Known V1 limitations

  • Scan policy is a permissive fallback, not the official ADA-tuned policy. The App Defense Alliance distributes its CASA-tuned ZAP policy via the Tier 2 tooling matrix, not in their public GitHub repo. V1 ships with a MEDIUM/HIGH OWASP Top 10 fallback in configs/zap/casa-tier2.policy. Replacing it with the official policy is the first V1.1 improvement (see configs/zap/README.md).
  • Two auth types: form and supabase-jwt. Other JSON-API auth providers (Auth0, Firebase, custom) need a new auth module — generic json-script is a future addition.
  • Single loginUrl for all envs. Both staging and prod scans use the one auth.loginUrl from your config. If your prod login URL differs, edit the config before scanning prod.
  • Anonymous + authenticated coverage. ZAP only walks the surfaces it can reach with the supplied credentials. OAuth-gated pages (e.g. Gmail-restricted user paths) require V2's authenticated-flow scanning.

Status & roadmap

V1 must ship before 2026-07-23 — Magpipe's CASA deadline.

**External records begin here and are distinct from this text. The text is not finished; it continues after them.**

text \<open>Case p d \<equiv> -1 (mod q), char k | q: 0 \<rightarrow> O_U(sV + V) \<rightarrow> (\<pi>_*\<Theta>_C)_d \<rightarrow> Der_U(-log V)(sV) \<rightarrow> 0.
  Now k \<alpha> vanishes for q | k, so \<alpha> may have an extra pole, while h_q forces p \<sigma>(g)/g \<in> g^(-s) B.\<close>
lemma exact_case_wild:
  assumes pd: "p * d mod q = q - 1" and cop: "coprime p q" and char: "int CHAR('a) dvd q"
  shows "short_exact B (Osec B g (m d + 1)) (DerA kk B g p q d) (twist g (m d) (DerLogB kk B g))
           (phiU B g p q d) (psiU B d)"
proof (rule short_exact_criterion)
  have q0: "(of_int q :: 'a) = 0" using char by (simp add: of_int_eq_0_iff_char_dvd)
  have p0: "(of_int p :: 'a) \<noteq> 0"
  proof
    assume "(of_int p :: 'a) = 0"
    then have "int CHAR('a) dvd gcd p q" using char by (simp add: of_int_eq_0_iff_char_dvd)
    then show False using cop by simp
  qed
  have q1: "\<not> q dvd 1"
    using char dvd_trans[of "int CHAR('a)" q 1] by auto
  show "DerLogB kk B g \<subseteq> DerB kk B" by (auto simp: DerLogB_def)
  show "admissible (\<lambda>_. 0) f \<longleftrightarrow> f \<in> Osec B g (m d + 1)" for f
    unfolding admissible_zero_iff
  proof
    assume "\<forall>k. of_int k * f * g powi (m (k + d) - m k) \<in> B"
    then have "of_int 1 * f * g powi (m (1 + d) - m 1) \<in> B" by blast
    then show "f \<in> Osec B g (m d + 1)" using flr_jump_carry[OF q_pos pd cop q1] by (simp add: Osec_def)
  next
    assume f: "f \<in> Osec B g (m d + 1)"
    show "\<forall>k. of_int k * f * g powi (m (k + d) - m k) \<in> B"
    proof
      fix k
      show "of_int k * f * g powi (m (k + d) - m k) \<in> B"
      proof (cases "q dvd k")
        case True
        then have "(of_int k :: 'a) = 0" using char by (metis dvd_trans of_int_eq_0_iff_char_dvd)
        then show ?thesis using B_0 by simp
      next
        case False
        then show ?thesis using f flr_jump_carry[OF q_pos pd cop False]
          by (simp add: Osec_def mult.assoc B_of_int B_mult)
      qed
    qed
  qed
  show "(\<lambda>x. if x \<in> B then g powi m d * \<sigma> x else 0) \<in> DerLogB kk B g"
    if \<sigma>: "is_der \<sigma>" and adm: "admissible \<sigma> \<alpha>" for \<sigma> \<alpha>
  proof (rule untwist_DerLogB[OF \<sigma> adm])
    have "obstr \<sigma> \<alpha> q = - (of_int p * (\<sigma> g / g * g powi m d))" using q0 by (simp add: obstr_at_q)
    moreover have "obstr \<sigma> \<alpha> q \<in> B" using adm admissible_iff[OF \<sigma>] by blast
    ultimately have "- (of_int p * (\<sigma> g / g * g powi m d)) \<in> B" by simp
    then have "- inverse (of_int p) * - (of_int p * (\<sigma> g / g * g powi m d)) \<in> B"
      by (rule B_mult[OF B_uminus[OF B_inverse_of_int]])
    then show "\<sigma> g / g * g powi m d \<in> B" using p0 by (simp add: field_simps)
  qed
  show "\<exists>\<alpha>. admissible (\<lambda>x. g powi (- m d) * \<theta> x) \<alpha>" if "\<theta> \<in> DerLogB kk B g" for \<theta>
    using DerLogB_admissible that by blast
qed

text \<open>Case p d \<not>\<equiv> -1 (mod q): 0 \<rightarrow> O_U(sV) \<rightarrow> (\<pi>_*\<Theta>_C)_d \<rightarrow> Der_U(-log V)(sV) \<rightarrow> 0.
  The jump is m(d) both at q and at an inverse u of p mod q; since p u - m(u) q = 1, the
  conditions h_u, h_q \<in> B combine to \<alpha> g^s \<in> B (for \<sigma> = 0) and \<sigma>(g)/g g^s \<in> B.\<close>
lemma exact_case_generic:
  assumes pd: "p * d mod q \<noteq> q - 1" and cop: "coprime p q"
  shows "short_exact B (Osec B g (m d)) (DerA kk B g p q d) (twist g (m d) (DerLogB kk B g))
           (phiU B g p q d) (psiU B d)"
proof (rule short_exact_criterion)
  have q1: "q \<noteq> 1" using pd by auto
  obtain u v where "u * p + v * q = 1"
    using bezout_int[of p q] cop by (auto simp: coprime_iff_gcd_eq_1)
  then have "p * u mod q = 1 mod q" by (metis add.commute mod_mult_self2 mult.commute)
  then have pu: "p * u mod q = 1" using q_pos q1 by simp
  have unit: "of_int p * of_int u - of_int (m u) * of_int q = (1 :: 'a)"
    using arg_cong[OF flr_inverse[OF pu], of "of_int :: int \<Rightarrow> 'a"] by simp
  have obstr_at_u: "obstr \<sigma> \<alpha> u = (of_int u * \<alpha> - of_int (m u) * (\<sigma> g / g)) * g powi m d" for \<sigma> \<alpha>
    using flr_jump_inverse[OF q_pos pu pd] by (simp add: obstr_def)
  show "DerLogB kk B g \<subseteq> DerB kk B" by (auto simp: DerLogB_def)
  show "admissible (\<lambda>_. 0) f \<longleftrightarrow> f \<in> Osec B g (m d)" for f
  proof
    assume "admissible (\<lambda>_. 0) f"
    then have "obstr (\<lambda>_. 0) f u \<in> B" and "obstr (\<lambda>_. 0) f q \<in> B"
      using admissible_iff[OF is_der_zero] by blast+
    then have hu: "of_int u * f * g powi m d \<in> B" and hq: "of_int q * f * g powi m d \<in> B"
      by (simp_all add: obstr_at_u obstr_at_q)
    have "(of_int p * of_int u - of_int (m u) * of_int q) * (f * g powi m d)
        = of_int p * (of_int u * f * g powi m d) - of_int (m u) * (of_int q * f * g powi m d)"
      by (simp add: algebra_simps)
    also have "\<dots> \<in> B" by (rule B_diff[OF B_mult[OF B_of_int hu] B_mult[OF B_of_int hq]])
    finally show "f \<in> Osec B g (m d)" unfolding unit by (simp add: Osec_def)
  qed (rule admissible_zero_of_Osec)
  show "(\<lambda>x. if x \<in> B then g powi m d * \<sigma> x else 0) \<in> DerLogB kk B g"
    if \<sigma>: "is_der \<sigma>" and adm: "admissible \<sigma> \<alpha>" for \<sigma> \<alpha>
  proof (rule untwist_DerLogB[OF \<sigma> adm])
    let ?\<gamma> = "\<sigma> g / g"
    have "obstr \<sigma> \<alpha> u \<in> B" and "obstr \<sigma> \<alpha> q \<in> B" using adm admissible_iff[OF \<sigma>] by blast+
    then have hu: "(of_int u * \<alpha> - of_int (m u) * ?\<gamma>) * g powi m d \<in> B"
      and hq: "(of_int q * \<alpha> - of_int p * ?\<gamma>) * g powi m d \<in> B"
      by (simp_all only: obstr_at_u obstr_at_q)
    have "(of_int p * of_int u - of_int (m u) * of_int q) * (?\<gamma> * g powi m d)
        = of_int q * ((of_int u * \<alpha> - of_int (m u) * ?\<gamma>) * g powi m d)
          - of_int u * ((of_int q * \<alpha> - of_int p * ?\<gamma>) * g powi m d)"
      by (simp add: algebra_simps)
    also have "\<dots> \<in> B" by (rule B_diff[OF B_mult[OF B_of_int hu] B_mult[OF B_of_int hq]])
    finally show "?\<gamma> * g powi m d \<in> B" unfolding unit by simp
  qed
  show "\<exists>\<alpha>. admissible (\<lambda>x. g powi (- m d) * \<theta> x) \<alpha>" if "\<theta> \<in> DerLogB kk B g" for \<theta>
    using DerLogB_admissible that by blast
qed

end

theorem proposition4p3:
  fixes kk B :: "'a::field set" and g :: 'a and p q d s :: int
  assumes "normal_affine_chart kk B"
    and "div_is_prime_divisor B g"
    and "coprime p q" and "q > 0"
    and "s = \<lfloor>(of_int (p * d) / of_int q :: rat)\<rfloor>"
  shows "((p * d) mod q = (- 1) mod q \<and> \<not> int CHAR('a) dvd q \<longrightarrow>
           short_exact B (Osec B g s) (DerA kk B g p q d) (twist g s (DerB kk B))
             (phiU B g p q d) (psiU B d))
       \<and> ((p * d) mod q = (- 1) mod q \<and> int CHAR('a) dvd q \<longrightarrow>
           short_exact B (Osec B g (s + 1)) (DerA kk B g p q d) (twist g s (DerLogB kk B g))
             (phiU B g p q d) (psiU B d))
       \<and> (\<not> (p * d) mod q = (- 1) mod q \<longrightarrow>
           short_exact B (Osec B g s) (DerA kk B g p q d) (twist g s (DerLogB kk B g))
             (phiU B g p q d) (psiU B d))"
proof -
  interpret graded_chart kk B g p q d
    using assms(1,2,4) unfolding normal_affine_chart_def div_is_prime_divisor_def
    by unfold_locales auto
  have s: "s = m d" using assms(5) by (simp add: flr_def)
  have minus_one: "(- 1) mod q = q - 1" using minus_one_mod[OF assms(4)] .
  show ?thesis
    unfolding s minus_one
    using exact_case_tame exact_case_wild exact_case_generic assms(3) by blast
qed

end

Built in lockstep with that submission so every feature is grounded in a real pain point we hit.

Roadmap

| Version | Scope | Triggered by | |---|---|---| | V1 (in design) | casa-ready scan — anonymous + form-auth OWASP ZAP scan against the primary origin (e.g., magpipe.ai) with the CASA-mapped CWE policy | The 2026-07-23 deadline | | V1.1 ✓ | Multi-target scanning (targets[]) + supabase-jwt auth with JWT refresh | Shipped 2026-04-29 in v0.2.0 | | V1.2 ✓ | YAML config + init command + JSON Schema + TS types — OSS launch quality | Shipped 2026-05-01 in v0.3.0 | | V2 ◐ | Endpoint seeding (seedDir/seedUrls) ✓ shipped; OAuth callback active-scanning experimental | v0.4.0v0.4.4 2026-05-01 | | V2.1 | OAuth callback active-scan rewrite — custom --hook bypassing zap-api-scan.py host-root normalization | Next | | later | casa-ready saq — SAQ Copilot drafting from repo + cloud config | After V1 produces real scan output to feed it | | later | casa-ready precheck — Top-20 CWE pre-fix snippets for common stacks | After we see which CWEs Magpipe (and contributors' apps) actually trip |

License

MIT. Use it, fork it, sell services around it.